■ WORK INSTRUCTIONS: Word for word, restate the lines of the data from the first through the one containing "M y - half_e1 \<in> Bset Tw (frac_point 1 (shift", and nothing else.

Segment Open

lemma neighbor_step_int:
  assumes "y \<in> Bset Tw (frac_point 1 k)"
  shows "M y + half_e1 \<in> Bset Tw (frac_point 1 (shift 1 (iM a b k))) \<or>
    M y - half_e1 \<in> Bset Tw (frac_point 1 (shift (-1) (iM a b k))) \<or>
    M y + half_e1 \<in> Bset Tw (frac_point 1 (iM a b k)) \<or>
    M y - half_e1 \<in> Bset Tw (frac_point 1 (iM a b k))"
proof -
  obtain s s' where ss: "s = half_e1 \<or> s = - half_e1" "s' = half_e1 \<or> s' = - half_e1"
    "M y + s \<in> Bset Tw (M (frac_point 1 k) + s - s')"
    using neighbor_step[OF assms] by blast
  have "frac_point 1 (shift t (iM a b k)) = M (frac_point 1 k) + of_int t *\<^sub>R (half_e1 + half_e1)"
    for t
    by (cases k) (simp add: frac_point_def shift_def iM_def half_e1_def expand_vec3)
  moreover have "frac_point 1 (iM a b k) = M (frac_point 1 k)" by (simp add: expand_frac_point)
  ultimately show ?thesis
    using ss by (auto simp: algebra_simps)
qed

lemma dead_neighbor_sound:
  assumes "box_radius_ok 2 c" "dead_neighbor a b c n k" "k \<noteq> (0, 0, 0)"
  shows "Bset Tw (frac_point 1 k) = {}"
  using assms(2,3)
proof (induction n arbitrary: k)
  case (Suc n)
  show ?case
  proof (cases "out_of_box c k")
    case False
    with Suc.prems have "Bset Tw (frac_point 1 t) = {}" if "t \<in> set (successors a b k)" for t
      using Suc.IH successors_nonzero that by auto
    then have "Bset Tw (frac_point 1 (shift 1 (iM a b k))) = {}" "Bset Tw (frac_point 1 (iM a b k)) = {}"
      "Bset Tw (frac_point 1 (shift (-1) (iM a b k))) = {}"
      by (simp_all add: successors_def)
    then show ?thesis using neighbor_step_int by blast
  qed (use out_of_box_empty assms(1) in auto)
qed (use out_of_box_empty assms(1) in auto)

lemma self_expanding_list_sound:
  assumes "0 < h" "self_expanding_list a b h xs" "z \<in> set xs"
  shows "frac_point (2 * h) z \<in> Tw"
proof -
  let ?X = "frac_point (2 * h) ` set xs"
  have "?X \<subseteq> Tw"
  proof (rule self_expanding_subset_Tw)
    show "\<forall>x\<in>?X. l1 x \<le> (\<Sum>x\<in>?X. l1 x)"
      by (intro ballI member_le_sum) (auto simp: l1_nonneg)
    show "\<forall>x\<in>?X. M x + half_e1 \<in> ?X \<or> M x - half_e1 \<in> ?X"
      using assms(1,2) by (auto simp: self_expanding_list_def expand_frac_point
          frac_point_shift[symmetric])
  qed
  then show ?thesis using assms(3) by auto
qed

lemma witness_sound:
  assumes "witness_ok a b k h xs z" shows "frac_point (2 * h) z \<in> Bset Tw (frac_point 1 k)"
proof -
  have h: "0 < h" "self_expanding_list a b h xs" "z \<in> set xs" "lattice_sub (2 * h) z k \<in> set xs"
    using assms by (auto simp: witness_ok_def)
  then have "frac_point (2 * h) z \<in> Tw" "frac_point (2 * h) (lattice_sub (2 * h) z k) \<in> Tw"
    using self_expanding_list_sound by blast+
  then show ?thesis using frac_point_lattice_sub[of "2 * h" z k] h(1) by (simp add: Bset_iff)
qed

lemma two_witnesses_distinct:
  assumes "witness_ok a b k h xs z1" "witness_ok a b k h xs z2" "z1 \<noteq> z2"
  shows "frac_point (2 * h) z1 \<noteq> frac_point (2 * h) z2"
  using assms frac_point_inj[of "2 * h"] by (auto simp: witness_ok_def)

lemma face_check_sound:
  assumes w: "witness_ok a b k h xs z" and c: "box_radius_ok (2 * h) c" and k: "k \<noteq> (0, 0, 0)"
    and check: "face_check a b h c n z k"
  shows "is_face Tw (frac_point 1 k)"
proof (rule face_criterion)
  show "frac_point 1 k \<noteq> 0" using k frac_point_zero by blast
  show "frac_point (2 * h) z \<in> Bset Tw (frac_point 1 k)" by (rule witness_sound[OF w])
  have h: "0 < h" using w by (simp add: witness_ok_def)
  show "\<forall>m\<in>lattice3. m \<noteq> 0 \<longrightarrow> m \<noteq> frac_point 1 k \<longrightarrow> frac_point (2 * h) z - m \<notin> Tw"
  proof (intro ballI impI)
    fix m assume m: "m \<in> lattice3" "m \<noteq> 0" "m \<noteq> frac_point 1 k"
    then obtain mm where mm: "m = frac_point 1 mm" using lattice_frac_point by blast
    have e: "frac_point (2 * h) z - m = frac_point (2 * h) (lattice_sub (2 * h) z mm)"
      using frac_point_lattice_sub[of "2 * h" z mm] h mm by simp
    show "frac_point (2 * h) z - m \<notin> Tw"
    proof (cases "mm \<in> set (candidates (2 * h) c z)")
      case True
      moreover have "mm \<noteq> (0, 0, 0)" "mm \<noteq> k" using m mm frac_point_zero by auto
      ultimately have "dead_point a b h c n (lattice_sub (2 * h) z mm)"
        using check by (auto simp: face_check_def)
      then show ?thesis unfolding e using dead_point_sound[OF h c] by blast
    next
      case False
      then show ?thesis
        unfolding e using candidates_complete out_of_box_not_in_Tw c h by simp
    qed
  qed
qed

lemma neighbor_check_sound:
  assumes c: "box_radius_ok 2 c" and check: "neighbor_check a b c n NB"
  shows "neighbors Tw \<subseteq> frac_point 1 ` set NB"
proof
  fix k assume k: "k \<in> neighbors Tw"
  then have "k \<in> lattice3" by (simp add: neighbors_def)
  then obtain kk where kk: "k = frac_point 1 kk" using lattice_frac_point by blast
  have nz: "kk \<noteq> (0, 0, 0)" and ne: "Bset Tw (frac_point 1 kk) \<noteq> {}"
    using k kk frac_point_zero by (auto simp: neighbors_def)
  then have "kk \<in> set (box_list c)" using out_of_box_empty[OF c] box_list_complete by blast
  then have "kk \<in> set NB" using check nz dead_neighbor_sound[OF c _ nz] ne
    by (auto simp: neighbor_check_def)
  then show "k \<in> frac_point 1 ` set NB" using kk by blast
qed

lemma witness_neighbor:
  assumes "witness_ok a b k h xs z" "k \<noteq> (0, 0, 0)" shows "frac_point 1 k \<in> neighbors Tw"
  using witness_sound[OF assms(1)] assms(2) frac_point_zero frac_point_lattice
  by (auto simp: neighbors_def)

lemma point_check_step:
  assumes c: "box_radius_ok 2 c" and check: "point_check a b c n SL"
    and nz: "(0, 0, 0) \<notin> set SL" and k: "k \<in> set SL"
  shows "\<exists>t\<in>set SL. \<exists>s. \<forall>y\<in>Bset Tw (frac_point 1 k). M y + s \<in> Bset Tw (frac_point 1 t)"
proof -
  have empty: "Bset Tw (frac_point 1 t) = {}"
    if "t \<in> set (successors a b k)" "dead_neighbor a b c n t" for t
    using dead_neighbor_sound[OF c] successors_nonzero[OF _ that(1)] k nz that(2) by metis
  have alt: "(shift 1 (iM a b k) \<in> set SL \<and> dead_neighbor a b c n (shift (-1) (iM a b k))
        \<and> dead_neighbor a b c n (iM a b k)) \<or>
      (shift (-1) (iM a b k) \<in> set SL \<and> dead_neighbor a b c n (shift 1 (iM a b k))
        \<and> dead_neighbor a b c n (iM a b k))"
    using check k unfolding point_check_def by blast
  have mem: "shift 1 (iM a b k) \<in> set (successors a b k)" "iM a b k \<in> set (successors a b k)"
    "shift (-1) (iM a b k) \<in> set (successors a b k)"
    by (simp_all add: successors_def)
  consider
    "shift 1 (iM a b k) \<in> set SL" "Bset Tw (frac_point 1 (shift (-1) (iM a b k))) = {}"
      "Bset Tw (frac_point 1 (iM a b k)) = {}"
    | "shift (-1) (iM a b k) \<in> set SL" "Bset Tw (frac_point 1 (shift 1 (iM a b k))) = {}"
      "Bset Tw (frac_point 1 (iM a b k)) = {}"
    using alt empty[OF mem(1)] empty[OF mem(2)] empty[OF mem(3)] by blast
  then show ?thesis
  proof cases
    case 1
    then show ?thesis using neighbor_step_int by blast
  next
    case 2
    have "M y + - half_e1 \<in> Bset Tw (frac_point 1 (shift (-1) (iM a b k)))"
      if "y \<in> Bset Tw (frac_point 1 k)" for y
      using neighbor_step_int[OF that] 2 by simp
    then show ?thesis using 2 by blast
  qed
qed

lemma point_check_unique:
  assumes c: "box_radius_ok 2 c" and check: "point_check a b c n SL"
    and nz: "(0, 0, 0) \<notin> set SL" and k: "k \<in> set SL"
    and y: "y \<in> Bset Tw (frac_point 1 k)" "y' \<in> Bset Tw (frac_point 1 k)"
  shows "y = y'"
proof (rule forced_path_unique[where S = "frac_point 1 ` set SL"])
  show "frac_point 1 k \<in> frac_point 1 ` set SL" using k by blast
  show "y \<in> Bset Tw (frac_point 1 k)" "y' \<in> Bset Tw (frac_point 1 k)" by fact+
next
  fix v y y' assume "v \<in> frac_point 1 ` set SL" and y: "y \<in> Bset Tw v" "y' \<in> Bset Tw v"
  then show "\<exists>k'\<in>frac_point 1 ` set SL. \<exists>s. M y + s \<in> Bset Tw k' \<and> M y' + s \<in> Bset Tw k'"
    using point_check_step[OF c check nz] by blast
qed

lemma finite_if_unique:
  assumes "\<And>y y'. y \<in> S \<Longrightarrow> y' \<in> S \<Longrightarrow> y = y'" shows "finite S"
proof (cases "S = {}")
  case False
  then obtain y where "y \<in> S" by blast
  then have "S = {y}" using assms by blast
  then show ?thesis by simp
qed simp

text \<open>B_k is covered by the images of the B_t (t a successor of k) under the inverse digit
  maps, so B_k is finite when these are.\<close>

lemma finite_from_successors:
  assumes "\<And>t. t \<in> set (successors a b k) \<Longrightarrow> finite (Bset Tw (frac_point 1 t))"
  shows "finite (Bset Tw (frac_point 1 k))"
proof -
  let ?B = "\<lambda>t. Bset Tw (frac_point 1 t)"
  let ?g1 = "\<lambda>z. L (z - half_e1)" and ?g2 = "\<lambda>z. L (z + half_e1)"
  have "?B k \<subseteq> ?g1 ` (?B (shift 1 (iM a b k)) \<union> ?B (iM a b k))
      \<union> ?g2 ` (?B (shift (-1) (iM a b k)) \<union> ?B (iM a b k))"
  proof
    fix y assume y: "y \<in> ?B k"
    have "y = ?g1 (M y + half_e1)" "y = ?g2 (M y - half_e1)" by simp_all
    then show "y \<in> ?g1 ` (?B (shift 1 (iM a b k)) \<union> ?B (iM a b k))
        \<union> ?g2 ` (?B (shift (-1) (iM a b k)) \<union> ?B (iM a b k))"
      using neighbor_step_int[OF y] by (blast intro: image_eqI)
  qed
  moreover have "finite (?g1 ` (?B (shift 1 (iM a b k)) \<union> ?B (iM a b k))
      \<union> ?g2 ` (?B (shift (-1) (iM a b k)) \<union> ?B (iM a b k)))"
    using assms by (simp add: successors_def)
  ultimately show ?thesis by (rule finite_subset)
qed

Segment Closed

■ ANSWER TO THIS TASK:
lemma neighbor_step_int:
  assumes "y \<in> Bset Tw (frac_point 1 k)"
  shows "M y + half_e1 \<in> Bset Tw (frac_point 1 (shift 1 (iM a b k))) \<or>
    M y - half_e1 \<in> Bset Tw (frac_point 1 (shift (-1) (iM a b k))) \<or>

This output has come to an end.